But in general, the second model in the figure is a good fit for human variation based on the spots in the genome used by these researchers-- continents correspond to clusters, and geographic barriers like the Himalayas or an ocean correspond to those areas where a "jump" from one cluster to the next occurrs.

II. Clusters and race

The fact that humans cluster together based on genetic information could, in theory, be entirely orthoganal to the concept of race.
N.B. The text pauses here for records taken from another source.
(* Let $\Delta,\Sigma$ be alphabets, $\varphi:\Delta\to2^{\Sigma^*}$ a regular language substitution, and $K_1,K_2\subseteq\Delta^+$ regular languages such that $\mathcal{R}_1=(K_1,\varphi)$ and $\mathcal{R}_2=(K_2,\varphi)$ are finite. Then $\mathcal{R}_1\cap\mathcal{R}_2$ is a finite rational set of regular languages that can be expressed with the language substitution $\varphi$, i.e. $\mathcal{R}_1\cap\mathcal{R}_2=(K_3,\varphi)$ for some regular $K_3\subseteq\Delta^+$.
   Context: A regular language substitution $\varphi:\Delta\to2^{\Sigma^*}$ maps each symbol to a regular language over $\Sigma$, extended by $\varphi(\delta w)=\varphi(\delta)\varphi(w)$. For $K\subseteq\Delta^+$, $(K,\varphi)=\{\varphi(w)\mid w\in K\}$; when $K$ is regular this set is a rational set of regular languages. Intersection is the ordinary set intersection of the two sets of languages. *)

theory Defs
  imports Main
begin

definition conc :: "'a list set \<Rightarrow> 'a list set \<Rightarrow> 'a list set" where
  "conc A B = {u @ v | u v. u \<in> A \<and> v \<in> B}"

primrec lpow :: "'a list set \<Rightarrow> nat \<Rightarrow> 'a list set" where
  "lpow A 0 = {[]}"
| "lpow A (Suc n) = conc A (lpow A n)"

definition kstar :: "'a list set \<Rightarrow> 'a list set" where
  "kstar A = (\<Union>n. lpow A n)"

text \<open>Regular languages: the smallest class containing the finite basic languages and
  closed under union, concatenation and Kleene star (Kleene's theorem).\<close>
inductive regular :: "'a list set \<Rightarrow> bool" where
  reg_empty: "regular {}"
| reg_eps: "regular {[]}"
| reg_sym: "regular {[a]}"
| reg_union: "regular A \<Longrightarrow> regular B \<Longrightarrow> regular (A \<union> B)"
| reg_conc: "regular A \<Longrightarrow> regular B \<Longrightarrow> regular (conc A B)"
| reg_star: "regular A \<Longrightarrow> regular (kstar A)"

primrec lsubst :: "('d \<Rightarrow> 's list set) \<Rightarrow> 'd list \<Rightarrow> 's list set" where
  "lsubst \<phi> [] = {[]}"
| "lsubst \<phi> (d # w) = conc (\<phi> d) (lsubst \<phi> w)"

definition regular_subst :: "('d \<Rightarrow> 's list set) \<Rightarrow> bool" where
  "regular_subst \<phi> \<longleftrightarrow> (\<forall>d. regular (\<phi> d))"

definition ratset :: "'d list set \<Rightarrow> ('d \<Rightarrow> 's list set) \<Rightarrow> 's list set set" where
  "ratset K \<phi> = lsubst \<phi> ` K"

end

theory Submission
  imports Defs
begin

text \<open>Every language in the intersection is the image of some word of \<open>K1\<close>; choosing one
  such word per language gives a finite, hence regular, subset \<open>K3\<close> of \<open>K1\<close> whose image is
  exactly the intersection.\<close>

lemma regular_singleton: "regular {w}"
proof (induction w)
  case Nil
  show ?case by (rule reg_eps)
next
  case (Cons a w)
  have "{a # w} = conc {[a]} {w}" by (auto simp: conc_def)
  then show ?case using reg_conc[OF reg_sym Cons] by simp
qed

lemma regular_finite: "finite A \<Longrightarrow> regular A"
proof (induction A rule: finite_induct)
  case empty
  show ?case by (rule reg_empty)
next
  case (insert w A)
  then show ?case using reg_union[OF regular_singleton] by (metis insert_is_Un)
qed

lemma finite_subset_ratset:
  assumes "finite R" and "R \<subseteq> ratset K \<phi>"
  obtains K' where "finite K'" and "K' \<subseteq> K" and "ratset K' \<phi> = R"
  using finite_subset_image[OF assms[unfolded ratset_def]] that
  by (auto simp: ratset_def)

theorem proposition7:
  fixes \<phi> :: "'d::finite \<Rightarrow> 's::finite list set"
    and K1 K2 :: "'d list set"
  assumes "regular_subst \<phi>"
    and "regular K1" and "K1 \<subseteq> {w. w \<noteq> []}"
    and "regular K2" and "K2 \<subseteq> {w. w \<noteq> []}"
    and "finite (ratset K1 \<phi>)" and "finite (ratset K2 \<phi>)"
  shows "\<exists>K3 :: 'd list set. regular K3 \<and> K3 \<subseteq> {w. w \<noteq> []} \<and>
           finite (ratset K1 \<phi> \<inter> ratset K2 \<phi>) \<and>
           ratset K1 \<phi> \<inter> ratset K2 \<phi> = ratset K3 \<phi>"
proof -
  let ?R = "ratset K1 \<phi> \<inter> ratset K2 \<phi>"
  have finite_R: "finite ?R" using \<open>finite (ratset K1 \<phi>)\<close> by simp
  then obtain K3 where "finite K3" "K3 \<subseteq> K1" "ratset K3 \<phi> = ?R"
    by (rule finite_subset_ratset) blast
  moreover from \<open>finite K3\<close> have "regular K3" by (rule regular_finite)
  moreover from \<open>K3 \<subseteq> K1\<close> have "K3 \<subseteq> {w. w \<noteq> []}" using \<open>K1 \<subseteq> {w. w \<noteq> []}\<close> by blast
  ultimately show ?thesis using finite_R by blast
qed

end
However, at least in the United State (where this has been explicitly tested), this is not the case. The most important reason for this, in my mind, is that the ancestors of European-Americans and African-Americans were not randomly sampled from the globe (there's a bias towards points on the globe that are quite distant), and this non-random sampling accentuates the genetic differences between the two groups. But in any case, the reasons for this are irrelevant to the argument; let's look at the data.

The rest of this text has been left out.